After the dengue outbreak comes influenza. The seasonal flu marked by high fever and a hacking cough has overtaken dengue in the National Capital Region.
Over the past week, more people are visiting fever clinics with symptoms of high grade fever, cold, cough and painful throat. A sore throat and hacking cough, which may last for two weeks after fever gets over, differentiates influenza from dengue.
“With the mercury dropping, seasonal flu infections have started going up and this will last through winter,” said Dr Atul Gogia, senior consultant, department of medicine, Ganga Ram Hospital.
Most cases of flu do not need hospital care and can be treated symptomatically. The dengue scare, however, persists and most people insist on getting tested for the mosquito-borne disease.
Ritwika Nath, 28, who works with a multinational company, suspected she had dengue when she started running high fever for two days. “I started feeling sick at work on Monday and by the time I was home, I was running 103 degrees fever that didn’t respond to paracetamol,” says the Uttam Nagar resident.

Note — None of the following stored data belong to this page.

lemma gsum_assoc: "(G \<oplus> H) \<oplus> K = G \<oplus> (H \<oplus> K)"
proof (induction "size G + size H + size K" arbitrary: G H K rule: less_induct)
  case less
  show ?case
    by (rule game_eqI) (auto intro!: less dest: size_opts)
qed

lemma gmult_add: "gmult (p + q) G = gmult p G \<oplus> gmult q G"
  by (induction p) (simp_all add: zero_def[symmetric] gsum_assoc)

lemma leftFirst_iff: "leftFirst G \<longleftrightarrow> leftOpts G = [] \<or> (\<exists>x\<in>set (leftOpts G). leftSecond x)"
  by (cases G) simp

lemma leftSecond_iff: "leftSecond G \<longleftrightarrow> rightOpts G \<noteq> [] \<and> (\<forall>x\<in>set (rightOpts G). leftFirst x)"
  by (cases G) simp

section \<open>Left-dead games and simulation\<close>

fun left_dead :: "game \<Rightarrow> bool" where
  "left_dead (Game L R) \<longleftrightarrow> L = [] \<and> (\<forall>x\<in>set R. left_dead x)"

lemma left_dead_iff: "left_dead G \<longleftrightarrow> leftOpts G = [] \<and> (\<forall>x\<in>set (rightOpts G). left_dead x)"
  by (cases G) simp

lemma leftOpts_left_dead: "left_dead G \<Longrightarrow> leftOpts G = []"
  by (cases G) simp

lemma left_dead_gsum: "left_dead G \<Longrightarrow> left_dead H \<Longrightarrow> left_dead (G \<oplus> H)"
  by (induction G H rule: gsum.induct) auto

lemma left_dead_gmult: "left_dead G \<Longrightarrow> left_dead (gmult k G)"
  by (induction k) (simp_all add: zero_def left_dead_gsum)

lemma left_dead_bar [simp]: "left_dead (bar m)"
  by (induction m) (simp_all add: zero_def)

lemma left_dead_bar1_0 [simp]: "left_dead bar1_0"
  by (simp add: bar1_0_def zero_def)

lemma left_dead_bar1_0_sharp [simp]: "left_dead bar1_0_sharp"
  by (simp add: bar1_0_sharp_def)

text \<open>
  The clause on empty option lists reflects misere play: running out of moves is good for the
  player to move, so G may leave Right without a move only where H does.
\<close>
fun dead_ge :: "game \<Rightarrow> game \<Rightarrow> bool" where
  "dead_ge (Game L R) H \<longleftrightarrow> L = [] \<and> leftOpts H = [] \<and> (R = [] \<longrightarrow> rightOpts H = []) \<and>
     (\<forall>g\<in>set R. \<exists>h\<in>set (rightOpts H). dead_ge g h)"

lemma dead_ge_iff:
  "dead_ge G H \<longleftrightarrow> leftOpts G = [] \<and> leftOpts H = [] \<and> (rightOpts G = [] \<longrightarrow> rightOpts H = []) \<and>
     (\<forall>g\<in>set (rightOpts G). \<exists>h\<in>set (rightOpts H). dead_ge g h)"
  by (cases G) simp

lemma dead_geI:
  assumes "leftOpts G = []" "leftOpts H = []" "rightOpts G = [] \<Longrightarrow> rightOpts H = []"
    and "\<And>g. g \<in> set (rightOpts G) \<Longrightarrow> \<exists>h\<in>set (rightOpts H). dead_ge g h"
  shows "dead_ge G H"
  using assms by (simp add: dead_ge_iff[of G H])
(* Let $V$ be one of the three $2$-dimensional commutative unital algebras over $\mathbb F_2$ with basis $e,x$, where $e$ is the unit and (A) $x\circ x=0$; (B) $x\circ x=x$; (C) $x\circ x=e+x$. Consider the associated differential calculus on $A=\mathbb F_2[e,x]$. Then for every quantum metric $g$ on this calculus and every quantum Levi-Civita connection $\nabla$ for $g$ with constant coefficients, the curvature $R_\nabla$ vanishes.
   Context: Standing setup. Work over $\mathbb F_2$. Let $(V,\circ)$ be a commutative associative algebra over $\mathbb F_2$ with basis $x^1,\dots,x^n$ and structure constants $x^\mu\circ x^\nu=\sum_\rho V^{\mu\nu}{}_\rho x^\rho$. Let $A=\mathbb F_2[x^1,\dots,x^n]$ be the polynomial algebra on the same symbols. The associated differential calculus is the $A$-bimodule $\Omega^1$ which is free as a left $A$-module on $\mathrm dx^1,\dots,\mathrm dx^n$, with right action determined by $\mathrm dx^\mu\, x^\nu=x^\nu\,\mathrm dx^\mu+\sum_\rho V^{\mu\nu}{}_\rho\,\mathrm dx^\rho$, together with the unique map $\mathrm d:A\to\Omega^1$ satisfying the Leibniz rule $\mathrm d(ab)=(\mathrm da)b+a\,\mathrm db$, $\mathrm d(x^\mu)=\mathrm dx^\mu$, $\mathrm d1=0$. The bimodule $\Omega^1\otimes_A\Omega^1$ is free as a left module on $\mathrm dx^\mu\otimes\mathrm dx^\nu$. $\Omega^2$ is the quotient of $\Omega^1\otimes_A\Omega^1$ by the sub-bimodule generated by $\mathrm dx^\mu\otimes\mathrm dx^\mu$ and $\mathrm dx^\mu\otimes\mathrm dx^\nu+\mathrm dx^\nu\otimes \mathrm dx^\mu$; the quotient map is denoted $\wedge$, and $\mathrm d$ is extended to $\Omega^1$ by $\mathrm d(a\,\mathrm dx^\mu)=\mathrm da\wedge\mathrm dx^\mu$. A quantum metric is $g=\sum_{\mu,\nu}g_{\mu\nu}\mathrm dx^\mu\otimes\mathrm dx^\nu$ with constants $g_{\mu\nu}\in\mathbb F_2$, $g_{\mu\nu}=g_{\nu\mu}$, the matrix $(g_{\mu\nu})$ invertible, and $g$ central: $x^\rho g=g x^\rho$ for all $\rho$. A bimodule connection is a pair $(\nabla,\sigma)$ with $\nabla:\Omega^1\to\Omega^1\otimes_A\Omega^1$ additive, $\nabla(a\omega)=a\nabla\omega+\mathrm da\otimes\omega$, and $\sigma:\Omega^1\otimes_A\Omega^1\to\Omega^1\otimes_A\Omega^1$ a bimodule map with $\nabla(\omega a)=(\nabla\omega)a+\sigma(\omega\otimes\mathrm da)$. It has constant coefficients if $\nabla\mathrm dx^\mu=\sum\Gamma^\mu{}_{\nu\rho}\mathrm dx^\nu\otimes\mathrm dx^\rho$ with $\Gamma^\mu{}_{\nu\rho}\in\mathbb F_2$. A quantum Levi-Civita connection (QLC) for $g$ is a bimodule connection with $\sigma$ invertible, torsion free ($\wedge\nabla=\mathrm d$ on $\Omega^1$) and metric compatible ($(\nabla\otimes\mathrm{id})g+(\sigma\otimes\mathrm{id})(\mathrm{id}\otimes\nabla)g=0$). Its curvature is $R_\nabla=(\mathrm d\otimes\mathrm{id}-(\wedge\otimes\mathrm{id})(\mathrm{id}\otimes\nabla))\nabla:\Omega^1\to\Omega^2\otimes_A\Omega^1$. Here the basis is $x^1=e$, $x^2=x$. *)

theory Defs
  imports "HOL-Library.Z2" "HOL-Computational_Algebra.Polynomial"
begin

text \<open>The ground field F_2 is the type bit. The two basis symbols are x^1 = e, x^2 = x.\<close>

datatype gen = E | X

text \<open>A = F_2[e,x], realised as bivariate polynomials (outer variable x,
  inner variable e).\<close>
type_synonym alg = "bit poly poly"

text \<open>Omega^1: left coefficients w.r.t. the left basis de, dx.
  Omega^1 (x)_A Omega^1: left coefficients w.r.t. dx^a (x) dx^b.
  Omega^2 is free of rank one on the class of de (x) dx; an element is its coefficient.
  Omega^2 (x)_A Omega^1: left coefficients w.r.t. (de/\dx) (x) dx^b.\<close>
type_synonym om1 = "gen \<Rightarrow> alg"
type_synonym om11 = "gen \<Rightarrow> gen \<Rightarrow> alg"
type_synonym om2 = alg
type_synonym om21 = "gen \<Rightarrow> alg"

definition var :: "gen \<Rightarrow> alg" where
  "var m = (case m of E \<Rightarrow> [:[:0, 1:]:] | X \<Rightarrow> [:0, 1:])"

definition cst :: "bit \<Rightarrow> alg" where
  "cst c = [:[:c:]:]"

definition gsum :: "(gen \<Rightarrow> 'a::comm_monoid_add) \<Rightarrow> 'a" where
  "gsum f = f E + f X"

text \<open>The three algebras V: e is the unit, and x o x = 0 / x / e + x.
  vstr c m n r is the structure constant V^{mn}_r.\<close>
datatype alg_case = CaseA | CaseB | CaseC

definition vstr :: "alg_case \<Rightarrow> gen \<Rightarrow> gen \<Rightarrow> gen \<Rightarrow> bit" where
  "vstr c m n r =
     (if m = E then (if r = n then 1 else 0)
      else if n = E then (if r = m then 1 else 0)
      else (case c of
              CaseA \<Rightarrow> 0
            | CaseB \<Rightarrow> (if r = X then 1 else 0)
            | CaseC \<Rightarrow> 1))"

definition dbasis :: "gen \<Rightarrow> om1" where
  "dbasis m = (\<lambda>n. if n = m then 1 else 0)"

text \<open>Right action of A on Omega^1: the (unique) map making Omega^1 an A-bimodule
  with dx^m x^n = x^n dx^m + sum_r V^{mn}_r dx^r.\<close>
definition is_right_action :: "(gen \<Rightarrow> gen \<Rightarrow> gen \<Rightarrow> bit) \<Rightarrow> (om1 \<Rightarrow> alg \<Rightarrow> om1) \<Rightarrow> bool" where
  "is_right_action V r \<longleftrightarrow>
     (\<forall>w u a. r (\<lambda>n. w n + u n) a = (\<lambda>n. r w a n + r u a n)) \<and>
     (\<forall>w a b. r w (a + b) = (\<lambda>n. r w a n + r w b n)) \<and>
     (\<forall>w a b. r (\<lambda>n. b * w n) a = (\<lambda>n. b * r w a n)) \<and>
     (\<forall>w a b. r w (a * b) = r (r w a) b) \<and>
     (\<forall>w. r w 1 = w) \<and>
     (\<forall>m n. r (dbasis m) (var n) = (\<lambda>p. var n * dbasis m p + cst (V m n p)))"

text \<open>Tensor product over A of two 1-forms, in the left basis dx^a (x) dx^b.\<close>
definition tens :: "(om1 \<Rightarrow> alg \<Rightarrow> om1) \<Rightarrow> om1 \<Rightarrow> om1 \<Rightarrow> om11" where
  "tens r w u = (\<lambda>a b. gsum (\<lambda>m. w m * r (dbasis m) (u b) a))"

definition ract2 :: "(om1 \<Rightarrow> alg \<Rightarrow> om1) \<Rightarrow> om11 \<Rightarrow> alg \<Rightarrow> om11" where
  "ract2 r T f = (\<lambda>a b. gsum (\<lambda>m. gsum (\<lambda>n. T m n * tens r (dbasis m) (r (dbasis n) f) a b)))"

text \<open>The quotient map /\ : Omega^1 (x)_A Omega^1 -> Omega^2, whose kernel is the sub-bimodule
  generated by dx^m (x) dx^m and dx^m (x) dx^n + dx^n (x) dx^m; its value is the
  coefficient of de /\ dx (note dx /\ de = de /\ dx in characteristic 2).\<close>
definition wedge :: "om11 \<Rightarrow> om2" where
  "wedge T = T E X + T X E"

definition is_dd :: "(om1 \<Rightarrow> alg \<Rightarrow> om1) \<Rightarrow> (alg \<Rightarrow> om1) \<Rightarrow> bool" where
  "is_dd r d \<longleftrightarrow>
     (\<forall>a b. d (a + b) = (\<lambda>n. d a n + d b n)) \<and>
     (\<forall>a b. d (a * b) = (\<lambda>n. r (d a) b n + a * d b n)) \<and>
     (\<forall>m. d (var m) = dbasis m) \<and>
     d 1 = (\<lambda>n. 0)"

definition d1 :: "(om1 \<Rightarrow> alg \<Rightarrow> om1) \<Rightarrow> (alg \<Rightarrow> om1) \<Rightarrow> om1 \<Rightarrow> om2" where
  "d1 r d w = gsum (\<lambda>m. wedge (tens r (d (w m)) (dbasis m)))"

definition gtens :: "(gen \<Rightarrow> gen \<Rightarrow> bit) \<Rightarrow> om11" where
  "gtens g = (\<lambda>a b. cst (g a b))"
(* Let $A$ be a commutative ring and $E$ an $A$-module. Then the trivial ring extension $A\propto E$ is locally stable if and only if $A$ is locally stable.
   Context: All rings are commutative with identity. The trivial ring extension $A\propto E$ is the set of pairs $(a,e)$, $a\in A$, $e\in E$, with componentwise addition and multiplication $(a,e)(b,f)=(ab,af+be)$. A ring $S$ has stable range 1 if whenever $aS+bS=S$ there is $y\in S$ with $a+by$ a unit. $S$ is locally stable if whenever $a,b\in S$ with $aS+bS=S$ there is $y\in S$ such that $S/(a+by)S$ has stable range 1. *)

theory Defs
  imports "HOL-Algebra.Module" "HOL-Algebra.QuotRing"
begin

definition stable_range_one :: "('a, 'm) ring_scheme \<Rightarrow> bool" where
  "stable_range_one S \<longleftrightarrow>
     (\<forall>a \<in> carrier S. \<forall>b \<in> carrier S.
        (\<exists>x \<in> carrier S. \<exists>z \<in> carrier S. a \<otimes>\<^bsub>S\<^esub> x \<oplus>\<^bsub>S\<^esub> b \<otimes>\<^bsub>S\<^esub> z = \<one>\<^bsub>S\<^esub>)
        \<longrightarrow> (\<exists>y \<in> carrier S. a \<oplus>\<^bsub>S\<^esub> b \<otimes>\<^bsub>S\<^esub> y \<in> Units S))"

definition locally_stable :: "('a, 'm) ring_scheme \<Rightarrow> bool" where
  "locally_stable S \<longleftrightarrow>
     (\<forall>a \<in> carrier S. \<forall>b \<in> carrier S.
        (\<exists>x \<in> carrier S. \<exists>z \<in> carrier S. a \<otimes>\<^bsub>S\<^esub> x \<oplus>\<^bsub>S\<^esub> b \<otimes>\<^bsub>S\<^esub> z = \<one>\<^bsub>S\<^esub>)
        \<longrightarrow> (\<exists>y \<in> carrier S. stable_range_one (S Quot (PIdl\<^bsub>S\<^esub> (a \<oplus>\<^bsub>S\<^esub> b \<otimes>\<^bsub>S\<^esub> y)))))"

definition triv_ext :: "('a, 'c) ring_scheme \<Rightarrow> ('a, 'b, 'd) module_scheme \<Rightarrow> ('a \<times> 'b) ring" where
  "triv_ext A E =
    \<lparr> carrier = carrier A \<times> carrier E,
      mult = (\<lambda>(a, e) (b, f). (a \<otimes>\<^bsub>A\<^esub> b, (a \<odot>\<^bsub>E\<^esub> f) \<oplus>\<^bsub>E\<^esub> (b \<odot>\<^bsub>E\<^esub> e))),
      one = (\<one>\<^bsub>A\<^esub>, \<zero>\<^bsub>E\<^esub>),
      zero = (\<zero>\<^bsub>A\<^esub>, \<zero>\<^bsub>E\<^esub>),
      add = (\<lambda>(a, e) (b, f). (a \<oplus>\<^bsub>A\<^esub> b, e \<oplus>\<^bsub>E\<^esub> f)) \<rparr>"

end

theory Submission
  imports Defs
begin

text \<open>The projection \<open>A \<propto> E \<rightarrow> A\<close> is surjective and, because \<open>0 \<propto> E\<close> is a square-zero
  ideal, an element of \<open>A \<propto> E\<close> is a unit as soon as its image in \<open>A\<close> is. Hence two
  elements are comaximal in \<open>A \<propto> E\<close> iff their images are comaximal in \<open>A\<close>. Reading
  "\<open>S/rS\<close> has stable range one" inside \<open>S\<close> (a coset \<open>p + rS\<close> is a unit iff \<open>p\<close> and \<open>r\<close> are
  comaximal) turns local stability into a statement built from comaximality alone, and any
  surjective ring homomorphism reflecting comaximality preserves and reflects it.\<close>

definition comaximal :: "('a, 'm) ring_scheme \<Rightarrow> 'a \<Rightarrow> 'a \<Rightarrow> bool" where
  "comaximal S a b \<longleftrightarrow>
     (\<exists>x \<in> carrier S. \<exists>z \<in> carrier S. a \<otimes>\<^bsub>S\<^esub> x \<oplus>\<^bsub>S\<^esub> b \<otimes>\<^bsub>S\<^esub> z = \<one>\<^bsub>S\<^esub>)"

“The high fever continued on Tuesday and Wednesday, which scared me. The doctor diagnosed it as seasonal flu but I still got a dengue test done, which was negative,” she said.
Dr Srikant Sharma, senior consultant, department of internal medicine at Moolchand Hospital, says, “People start panicking the moment they get high fever. We do clinically assess them to rule out dengue, considering it is also a viral disease and there are certain common symptoms.
The common differentiating factor is that in most dengue cases the upper respiratory tract is not affected, say doctors.
“A sore throat, cold and cough symptoms are usually not seen in dengue patients. Dengue causes extreme head and body ache, with nausea. We don’t ask all to get tested but only those with severe symptoms or people with underlying medical condition such as diabetes, high blood pressure, children and the elderly,” said Dr Gogia.
Flu viruses travel through the air in droplets when someone with the infection coughs, sneezes or talks. One can inhale the droplets directly, or can pick up the germs from objects like door knobs, computer keyboard, table top, etc., that are eventually transferred when the person touches his or her eyes, nose or mouth.
Seasonal influenza is a self-limiting disease that has only symptomatic treatment -- paracetamol to reduce fever and increased fluid intake to avoid dehydration due to high fever. But doctors recommend high risk people to see a specialist if symptoms appear.
Children, people above 65 years of age, and those with low immunity can take a flu vaccine shot before monsoon sets in.